Timezone: »

Informative rewards and generalization in curriculum learning
Rahul Siripurapu · Vihang Patil · Kajetan Schweighofer · Marius-Constantin Dinu · Markus Holzleitner · Hamid Eghbalzadeh · Luis Ferro · Thomas Schmied · Michael Kopp · Sepp Hochreiter

Curriculum learning (CL) is central to human learning as much as reinforcement learning (RL) itself. However, CL agents trained using RL with function approximation produce limited generalization to later tasks in the curriculum. One contributing factor might be exploration itself. Exploration often induces the agent to visit task-irrelevant states, leading to training-induced non-stationarities. Thus, the value/policy networks utilize their limited capacity to fit targets for these irrelevant states.
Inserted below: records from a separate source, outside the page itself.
lemma sub_act_right_mult: "normal \<omega> \<Longrightarrow> sub_act u (right_mult \<omega> d) = right_mult (sub_act u \<omega>) d"
proof (erule normal_decomp)
  fix w \<beta>
  assume \<omega>: "\<omega> = sub_block w @ \<beta>" and "no_sub_head \<beta>"
  from \<open>no_sub_head \<beta>\<close> show ?thesis
  proof (rule no_sub_headE)
    assume "\<beta> = []"
    then show ?thesis
      using sub_act_sub_block[where \<beta> = "[]"] by (simp add: \<omega> right_mult_sub_block no_sub_head_def)
  next
    fix x \<gamma>
    assume "\<beta> = Free x # \<gamma>"
    then show ?thesis
      by (simp add: \<omega> right_mult_sub_block_Free sub_act_sub_block no_sub_head_def)
  qed
qed

lemma trivial_if_sub_act_eq_right_mult:
  assumes "normal \<omega>" and "has_free \<omega>" and "sub_act u \<omega> = right_mult \<omega> d"
  shows "elem u = elem []"
  using assms(1)
proof (rule normal_decomp)
  fix w \<beta>
  assume \<omega>: "\<omega> = sub_block w @ \<beta>" and "no_sub_head \<beta>"
  obtain x \<gamma> where \<beta>: "\<beta> = Free x # \<gamma>"
    using \<open>no_sub_head \<beta>\<close>
    by (rule no_sub_headE)
      (use assms(2) \<omega> in \<open>auto simp: has_free_def sub_block_def split: if_splits\<close>)
  have "sub_block (u @ w) @ Free x # \<gamma> = sub_block w @ Free x # right_mult \<gamma> d"
    using assms(3) \<beta> by (simp add: \<omega> sub_act_sub_block right_mult_sub_block_Free no_sub_head_def)
  then have "elem (u @ w) = elem ([] @ w)"
    by (simp only: append_Nil) (rule sub_block_Free_eq_imp_elem_eq)
  then show ?thesis
    by (rule elem_cancel_right)
qed
(* Let $U$ be the open unit disk in $\mathbb R^{2n}$ with the canonical symplectic form $\omega=\sum_{i=1}^n dx^i\wedge dx^{i+n}$. If $B_k\in\mathcal P^k(U)$ is $d$-closed and $0<k\le n$, then there exists $B'_{k-1}\in\mathcal P'^{k-1}(U)$ such that $B_k=dB'_{k-1}$.
   Context: $L(A)=\omega\wedge A$, $\Lambda(A)=\frac12(\omega^{-1})^{ij}\, i_{\partial_{x^i}} i_{\partial_{x^j}}A$; a $k$-form $B$ ($k\le n$) is primitive if $\Lambda B=0$; $\mathcal P^k(U)$ is the space of smooth primitive $k$-forms on $U$. For $B\in\mathcal P^s(U)$ write uniquely $dB=B^0_{s+1}+\omega\wedge B^1_{s-1}$ with $B^0_{s+1},B^1_{s-1}$ primitive; set $\partial_-B=B^1_{s-1}$. $\mathcal P'^{k}(U)$ denotes the space of primitive $k$-forms $B$ with $\partial_-B=0$. *)

theory Defs
  imports "HOL-Analysis.Analysis"
begin

text \<open>Points of R^(2n) are functions x :: nat => real with x i = 0 for i >= 2n
  (coordinates x^1..x^(2n) of the paper are indices 0..2n-1 here). An (algebraic) form at a point
  is a coefficient function a :: nat set => real: a I is the coefficient of dx^(i_1) wedge ... wedge
  dx^(i_k), where I = {i_1 < ... < i_k}. A differential form is a map from points to such
  coefficient functions; only its values on U matter.\<close>

type_synonym point = "nat \<Rightarrow> real"
type_synonym alg_form = "nat set \<Rightarrow> real"
type_synonym dform = "point \<Rightarrow> alg_form"

definition unit_disk :: "nat \<Rightarrow> point set" where
  "unit_disk n = {x. (\<forall>i\<ge>2*n. x i = 0) \<and> (\<Sum>i<2*n. (x i)^2) < 1}"

definition zero_form :: alg_form where
  "zero_form = (\<lambda>I. 0)"

definition is_alg_form :: "nat \<Rightarrow> nat \<Rightarrow> alg_form \<Rightarrow> bool" where
  "is_alg_form n k a \<longleftrightarrow> (\<forall>I. a I \<noteq> 0 \<longrightarrow> I \<subseteq> {..<2*n} \<and> card I = k)"

text \<open>sign of dx^I wedge dx^J = eps I J * dx^(I union J) for disjoint I, J\<close>
definition eps :: "nat set \<Rightarrow> nat set \<Rightarrow> real" where
  "eps I J = (-1) ^ card {(p,q). p \<in> I \<and> q \<in> J \<and> q < p}"

definition wedge :: "alg_form \<Rightarrow> alg_form \<Rightarrow> alg_form" where
  "wedge a b = (\<lambda>K. \<Sum>I\<in>Pow K. eps I (K - I) * a I * b (K - I))"

definition omega :: "nat \<Rightarrow> alg_form" where
  "omega n = (\<lambda>K. if \<exists>i<n. K = {i, i + n} then 1 else 0)"

definition Lop :: "nat \<Rightarrow> alg_form \<Rightarrow> alg_form" where
  "Lop n a = wedge (omega n) a"

definition interior :: "nat \<Rightarrow> alg_form \<Rightarrow> alg_form" where
  "interior j a = (\<lambda>J. if j \<in> J then 0
                      else (-1) ^ card {i\<in>J. i < j} * a (insert j J))"

text \<open>entries of the inverse of the matrix (omega_ij) = (omega(d_i, d_j)), omega_(i,i+n) = 1\<close>
definition omega_inv :: "nat \<Rightarrow> nat \<Rightarrow> nat \<Rightarrow> real" where
  "omega_inv n i j = (if i < n \<and> j = i + n then -1
                      else if j < n \<and> i = j + n then 1 else 0)"

definition Lambda :: "nat \<Rightarrow> alg_form \<Rightarrow> alg_form" where
  "Lambda n a = (\<lambda>K. (1/2) * (\<Sum>i<2*n. \<Sum>j<2*n.
       omega_inv n i j * interior i (interior j a) K))"

definition pd :: "nat \<Rightarrow> (point \<Rightarrow> real) \<Rightarrow> point \<Rightarrow> real" where
  "pd j f x = deriv (\<lambda>t. f (x(j := x j + t))) 0"

definition iter_pd :: "nat list \<Rightarrow> (point \<Rightarrow> real) \<Rightarrow> point \<Rightarrow> real" where
  "iter_pd js f = fold pd js f"

definition smooth_on :: "nat \<Rightarrow> point set \<Rightarrow> (point \<Rightarrow> real) \<Rightarrow> bool" where
  "smooth_on n U f \<longleftrightarrow> (\<forall>js. set js \<subseteq> {..<2*n} \<longrightarrow>
      continuous_on U (iter_pd js f) \<and>
      (\<forall>j<2*n. \<forall>x\<in>U. (\<lambda>t. iter_pd js f (x(j := x j + t))) differentiable (at 0)))"

definition smooth_form :: "nat \<Rightarrow> nat \<Rightarrow> dform \<Rightarrow> bool" where
  "smooth_form n k B \<longleftrightarrow> (\<forall>x. is_alg_form n k (B x)) \<and>
      (\<forall>I. smooth_on n (unit_disk n) (\<lambda>x. B x I))"

text \<open>exterior derivative: d(f dx^I) = sum_j (d_j f) dx^j wedge dx^I\<close>
definition ext_d :: "nat \<Rightarrow> dform \<Rightarrow> dform" where
  "ext_d n B = (\<lambda>x K. if K \<subseteq> {..<2*n} then
       (\<Sum>j\<in>K. (-1) ^ card {i\<in>K - {j}. i < j} * pd j (\<lambda>y. B y (K - {j})) x) else 0)"

definition Pforms :: "nat \<Rightarrow> nat \<Rightarrow> dform set" where
  "Pforms n k = {B. k \<le> n \<and> smooth_form n k B \<and>
      (\<forall>x\<in>unit_disk n. Lambda n (B x) = zero_form)}"

text \<open>partial_minus B = B^1_(s-1), where dB = B^0_(s+1) + omega wedge B^1_(s-1), both primitive
  (decomposition taken pointwise on U); for s = 0 it is 0.\<close>
definition partial_minus :: "nat \<Rightarrow> nat \<Rightarrow> dform \<Rightarrow> point \<Rightarrow> alg_form" where
  "partial_minus n s B x = (if s = 0 then zero_form else
     (THE c. is_alg_form n (s - 1) c \<and> Lambda n c = zero_form \<and>
        (\<exists>a. is_alg_form n (s + 1) a \<and> Lambda n a = zero_form \<and>
             ext_d n B x = (\<lambda>K. a K + Lop n c K))))"

definition Pprime :: "nat \<Rightarrow> nat \<Rightarrow> dform set" where
  "Pprime n k = {B \<in> Pforms n k. \<forall>x\<in>unit_disk n. partial_minus n k B x = zero_form}"

end

theory Submission
  imports Defs
begin
(* For every integer $n\ge 2$ and every integer $k\ge 3$, $\chi_i(S_{C_k}^n)=3$, where $C_k$ is the cycle on $k$ vertices.
   Context: For a graph $H$, an injective $k$-coloring is a map $f:V(H)\to\{1,\dots,k\}$ such that any two distinct vertices $u,w$ with $f(u)=f(w)$ have no common neighbor; $\chi_i(H)$ is the least such $k$. For a graph $G$ and positive integer $n$, the generalized Sierpiński graph $S_G^n$ has vertex set $V(G)^n$, and $(u_1,\dots,u_n)$, $(v_1,\dots,v_n)$ are adjacent if and only if there is $d\in\{1,\dots,n\}$ with $u_i=v_i$ for $i<d$, $u_dv_d\in E(G)$, and $u_i=v_d$, $v_i=u_d$ for all $i>d$. *)

theory Defs
  imports Main
begin

(* A graph is given by a vertex set V and a symmetric irreflexive adjacency relation E. *)

definition injective_coloring ::
  "'v set \<Rightarrow> ('v \<Rightarrow> 'v \<Rightarrow> bool) \<Rightarrow> nat \<Rightarrow> ('v \<Rightarrow> nat) \<Rightarrow> bool" where
  "injective_coloring V E k f \<longleftrightarrow>
     (\<forall>v\<in>V. f v \<in> {1..k}) \<and>
     (\<forall>u\<in>V. \<forall>w\<in>V. u \<noteq> w \<and> f u = f w \<longrightarrow> \<not> (\<exists>x\<in>V. E x u \<and> E x w))"

definition injective_chromatic_number :: "'v set \<Rightarrow> ('v \<Rightarrow> 'v \<Rightarrow> bool) \<Rightarrow> nat" where
  "injective_chromatic_number V E = (LEAST k. \<exists>f. injective_coloring V E k f)"

definition cycle_verts :: "nat \<Rightarrow> nat set" where
  "cycle_verts k = {0..<k}"

definition cycle_adj :: "nat \<Rightarrow> nat \<Rightarrow> nat \<Rightarrow> bool" where
  "cycle_adj k i j \<longleftrightarrow> i \<in> {0..<k} \<and> j \<in> {0..<k} \<and> i \<noteq> j \<and>
      (j = (i + 1) mod k \<or> i = (j + 1) mod k)"

(* Generalized Sierpinski graph S_G^n: vertices are words of length n over V(G);
   positions 1..n of the paper correspond to list indices 0..n-1. *)
definition sierpinski_verts :: "'a set \<Rightarrow> nat \<Rightarrow> 'a list set" where
  "sierpinski_verts V n = {u. length u = n \<and> set u \<subseteq> V}"

definition sierpinski_adj :: "('a \<Rightarrow> 'a \<Rightarrow> bool) \<Rightarrow> nat \<Rightarrow> 'a list \<Rightarrow> 'a list \<Rightarrow> bool" where
  "sierpinski_adj E n u v \<longleftrightarrow> length u = n \<and> length v = n \<and>
     (\<exists>d<n. (\<forall>i<d. u ! i = v ! i) \<and> E (u ! d) (v ! d) \<and>
            (\<forall>i. d < i \<and> i < n \<longrightarrow> u ! i = v ! d \<and> v ! i = u ! d))"

end

theory Submission
  imports Defs
begin

(* Two distinct vertices x, y of S_G^n with a common neighbor z agree up to some position, and for
   irreflexive G only two configurations occur: x = w c and y = w c' with c, c' distinct neighbors
   of one letter b (then z = w b), or {x, y} = {P b a^j, P a b^(j-1) c} with edges ab, bc of G and
   j >= 1 (then z = P a b^j). A coloring is injective iff it separates these pairs. The word
   0 1^(n-1) has the three neighbors 1 0^(n-1), 0 1^(n-2) 0 and 0 1^(n-2) 2, so three colors are
   needed. For k >= 4 three colors suffice using only the last two letters of a word (through
   their offset on the cycle for k >= 5, through a table for k = 4). For k = 3 no such coloring
   exists; instead the word is folded from the right with the idempotent quasigroup x o y = -x - y
   on Z/3, whose cancellation law makes the color of P v depend injectively on that of v. *)

lemma list_eq_take_nth_replicate:
  assumes "length u = d + 1 + j" "\<forall>i. d < i \<and> i < length u \<longrightarrow> u ! i = b"
  shows "u = take d u @ u ! d # replicate j b"
proof -
  have "u = take d u @ u ! d # drop (Suc d) u"
    using assms(1) by (simp add: id_take_nth_drop)
  moreover have "drop (Suc d) u = replicate j b"
    using assms by (intro replicate_eqI) (auto simp: in_set_conv_nth)
  ultimately show ?thesis by simp
qed

lemma sierpinski_adj_iff:
  "sierpinski_adj G n u v \<longleftrightarrow>
     (\<exists>P a b j. length P + 1 + j = n \<and> G a b \<and> u = P @ a # replicate j b \<and> v = P @ b # replicate j a)"
  (is "_ \<longleftrightarrow> ?rhs")
proof
  assume "sierpinski_adj G n u v"
  then obtain d where len: "length u = n" "length v = n" and d: "d < n" "\<forall>i<d. u ! i = v ! i"
    "G (u ! d) (v ! d)" "\<forall>i. d < i \<and> i < n \<longrightarrow> u ! i = v ! d \<and> v ! i = u ! d"
    unfolding sierpinski_adj_def by blast
  have "u = take d u @ u ! d # replicate (n - 1 - d) (v ! d)"
    using len d by (intro list_eq_take_nth_replicate) auto
  moreover have "v = take d v @ v ! d # replicate (n - 1 - d) (u ! d)"
    using len d by (intro list_eq_take_nth_replicate) auto
  moreover have "take d v = take d u"
    using len d by (intro nth_take_lemma) auto
  ultimately show ?rhs
    using len d by (intro exI[of _ "take d u"] exI[of _ "u ! d"] exI[of _ "v ! d"] exI[of _ "n - 1 - d"]) auto
next
  assume ?rhs
  then obtain P a b j where "length P + 1 + j = n" "G a b" "u = P @ a # replicate j b" "v = P @ b # replicate j a"
    by blast
  then show "sierpinski_adj G n u v"
    unfolding sierpinski_adj_def by (intro conjI exI[of _ "length P"]) (auto simp: nth_append nth_Cons')
qed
Consequently, this results in impaired generalization to later tasks. First, we propose to use an \emph{online} distillation method to alleviate this problem in CL. We show that one can use a learned, informative reward function to minimize exploration and, consequently, non-stationarities during the distillation process. Second, we show that minimizing exploration improves capacity utilization as measured by feature rank. Finally, we illuminate the links between exploration, non-stationarity, capacity, and generalization in the CL setting. In conclusion, we see this as a crucial step toward improving the generalization of Deep RL methods in Curriculum learning.